A saccharolytic bacterium is a microbe having the ability to generate energy by metabolizing carbohydrates. Saccharolytic bacteria include both heterotrophic and autotrophic organisms and transform sugars under aerobic and anaerobic conditions.
Saccharolytic bacteria are important in many applications, including ecology, energy production, human health and agriculture.
In ecology, the creation of methane in rice paddies is a significant contributor to greenhouse gases. Communities of saccharolytic bacteria, including Verrucomicrobia, generate methane as a byproduct of the anaerobic decay of plant materials.
Finding alternative energy sources is a primary focus of the U.S. Department of Energy. The DOE supports the genome sequencing of saccharolytic bacteria as a way to identify the organisms and enzymes that produce abundant ethanol. Examples of ethanol-producing bacteria are Byssovorax cruenta, Eubacterium cellulosolvens and Cellvibrio mixtus.

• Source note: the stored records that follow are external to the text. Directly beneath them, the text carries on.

lemma annulus_integrand_le:
  fixes a x :: "'a::euclidean_space" and u :: "'a \<Rightarrow> real" and \<alpha> q \<rho> :: real
  assumes [measurable]: "u \<in> borel_measurable lebesgue"
    and "0 \<le> \<alpha>" "0 \<le> q" "0 < \<rho>" "x \<in> annulus a \<rho>"
  defines "\<omega> \<equiv> measure lborel (ball (0::'a) 1)"
  shows "epowr (ball_avg u a \<rho>) q * ennreal (\<rho> powr ((DIM('a) - \<alpha>) * q + DIM('a) - 1))
      / emeasure lborel (annulus a \<rho>)
    \<le> ennreal ((3 powr \<alpha> / \<omega>) powr q / ((2 ^ DIM('a) - 1) * \<omega>) / \<rho>) * epowr (riesz_conv \<alpha> u x) q"
proof -
  let ?n = "DIM('a)" and ?E = "epowr (riesz_conv \<alpha> u x) q"
  define k where "k = 3 powr \<alpha> / \<omega>"
  define c where "c = (2 ^ ?n - 1) * \<omega>"
  define w where "w = \<rho> powr ((?n - \<alpha>) * q + ?n - 1) / (c * \<rho> ^ ?n)"
  have "0 < \<omega>" "0 < c"
    using annulus_volume_const_pos by (simp_all add: \<omega>_def c_def content_ball_pos)
  then have "0 < k" "0 \<le> w"
    using assms(4) by (simp_all add: k_def w_def)
  have "ennreal (\<rho> powr ((?n - \<alpha>) * q + ?n - 1)) / emeasure lborel (annulus a \<rho>) = ennreal w"
    using assms(4) \<open>0 < c\<close> unfolding w_def c_def \<omega>_def
    by (simp add: emeasure_annulus divide_ennreal)
  then have "epowr (ball_avg u a \<rho>) q * ennreal (\<rho> powr ((?n - \<alpha>) * q + ?n - 1))
      / emeasure lborel (annulus a \<rho>) = epowr (ball_avg u a \<rho>) q * ennreal w"
    by (metis ennreal_times_divide)
  also have "\<dots> \<le> epowr (ennreal (k * \<rho> powr (\<alpha> - ?n)) * riesz_conv \<alpha> u x) q * ennreal w"
    using assms unfolding k_def \<omega>_def
    by (intro mult_right_mono epowr_mono ball_avg_le_riesz_conv) auto
  also have "\<dots> = ennreal ((k * \<rho> powr (\<alpha> - ?n)) powr q) * ?E * ennreal w"
    using \<open>0 < k\<close> by (subst epowr_ennreal_mult) simp_all
  also have "\<dots> = ennreal ((k * \<rho> powr (\<alpha> - ?n)) powr q * w) * ?E"
    using \<open>0 \<le> w\<close> by (simp add: ennreal_mult' mult_ac)
  also have "(k * \<rho> powr (\<alpha> - ?n)) powr q * w = k powr q / c / \<rho>"
    unfolding w_def using assms(4) \<open>0 < k\<close> \<open>0 < c\<close> by (rule powr_radial_weight_cancel)
  finally show ?thesis
    by (simp add: k_def c_def)
qed

theorem lemma2p3:
  fixes q \<alpha> :: real
  assumes "q \<ge> 1" and "0 < \<alpha>" and "\<alpha> < real DIM('a::euclidean_space)"
  shows "\<exists>C>0. \<forall>(a::'a) (u::'a \<Rightarrow> real). u \<in> borel_measurable lebesgue \<longrightarrow>
           (\<integral>\<^sup>+ \<rho> \<in> {0<..}. epowr (ball_avg u a \<rho>) q
               * ennreal (\<rho> powr ((real DIM('a) - \<alpha>) * q + real DIM('a) - 1)) \<partial>lborel)
           \<le> ennreal C * (\<integral>\<^sup>+ x. epowr (riesz_conv \<alpha> u x) q \<partial>lebesgue)"
proof -
  define \<omega> where "\<omega> = measure lborel (ball (0::'a) 1)"
  define K where "K = (3 powr \<alpha> / \<omega>) powr q / ((2 ^ DIM('a) - 1) * \<omega>)"
  have "0 < K"
    using annulus_volume_const_pos by (simp add: K_def \<omega>_def content_ball_pos)
  show ?thesis
  proof (intro exI[of _ K] conjI allI impI \<open>0 < K\<close>)
    fix a :: 'a and u :: "'a \<Rightarrow> real"
    assume [measurable]: "u \<in> borel_measurable lebesgue"
    let ?g = "\<lambda>\<rho>. epowr (ball_avg u a \<rho>) q * ennreal (\<rho> powr ((real DIM('a) - \<alpha>) * q + real DIM('a) - 1))"
    have "(\<integral>\<^sup>+\<rho>\<in>{0<..}. ?g \<rho> \<partial>lborel)
        = (\<integral>\<^sup>+x. (\<integral>\<^sup>+\<rho>\<in>{dist a x / 2..dist a x}.
            ?g \<rho> / emeasure lborel (annulus a \<rho>) \<partial>lborel) \<partial>lebesgue)"
      by (rule nn_integral_average_over_annuli) measurable
    also have "\<dots> \<le> (\<integral>\<^sup>+x. ennreal K * epowr (riesz_conv \<alpha> u x) q \<partial>lebesgue)"
    proof (intro nn_integral_mono set_nn_integral_half_interval_le)
      show "0 \<le> K"
        using \<open>0 < K\<close> by simp
      fix x \<rho>
      assume "dist a x / 2 \<le> \<rho>" "\<rho> \<le> dist a x" "0 < \<rho>"
      then show "?g \<rho> / emeasure lborel (annulus a \<rho>) \<le> ennreal (K / \<rho>) * epowr (riesz_conv \<alpha> u x) q"
        unfolding K_def \<omega>_def using assms by (intro annulus_integrand_le) auto
    qed
    also have "\<dots> = ennreal K * (\<integral>\<^sup>+x. epowr (riesz_conv \<alpha> u x) q \<partial>lebesgue)"
      by (rule nn_integral_cmult) measurable
    finally show "(\<integral>\<^sup>+\<rho>\<in>{0<..}. ?g \<rho> \<partial>lborel)
        \<le> ennreal K * (\<integral>\<^sup>+x. epowr (riesz_conv \<alpha> u x) q \<partial>lebesgue)" .
  qed
qed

Saccharolytic bacteria have discernible impacts on human health. The process of fermentation by saccharolytic microbes is essential for gut health, as opposed to putrefaction that results in the release of toxic chemicals in the intestine. Saccharolytic bacteria also affect dental health, breaking down enamel and causing infections that are a precursor to oral cancer.
The same issues affecting human digestion are critical in the agricultural industry. The use of saccharolytic bacteria is replacing the use of antibiotics to control intestinal health in livestock, preventing antibiotics from affecting the humans consuming affected meat.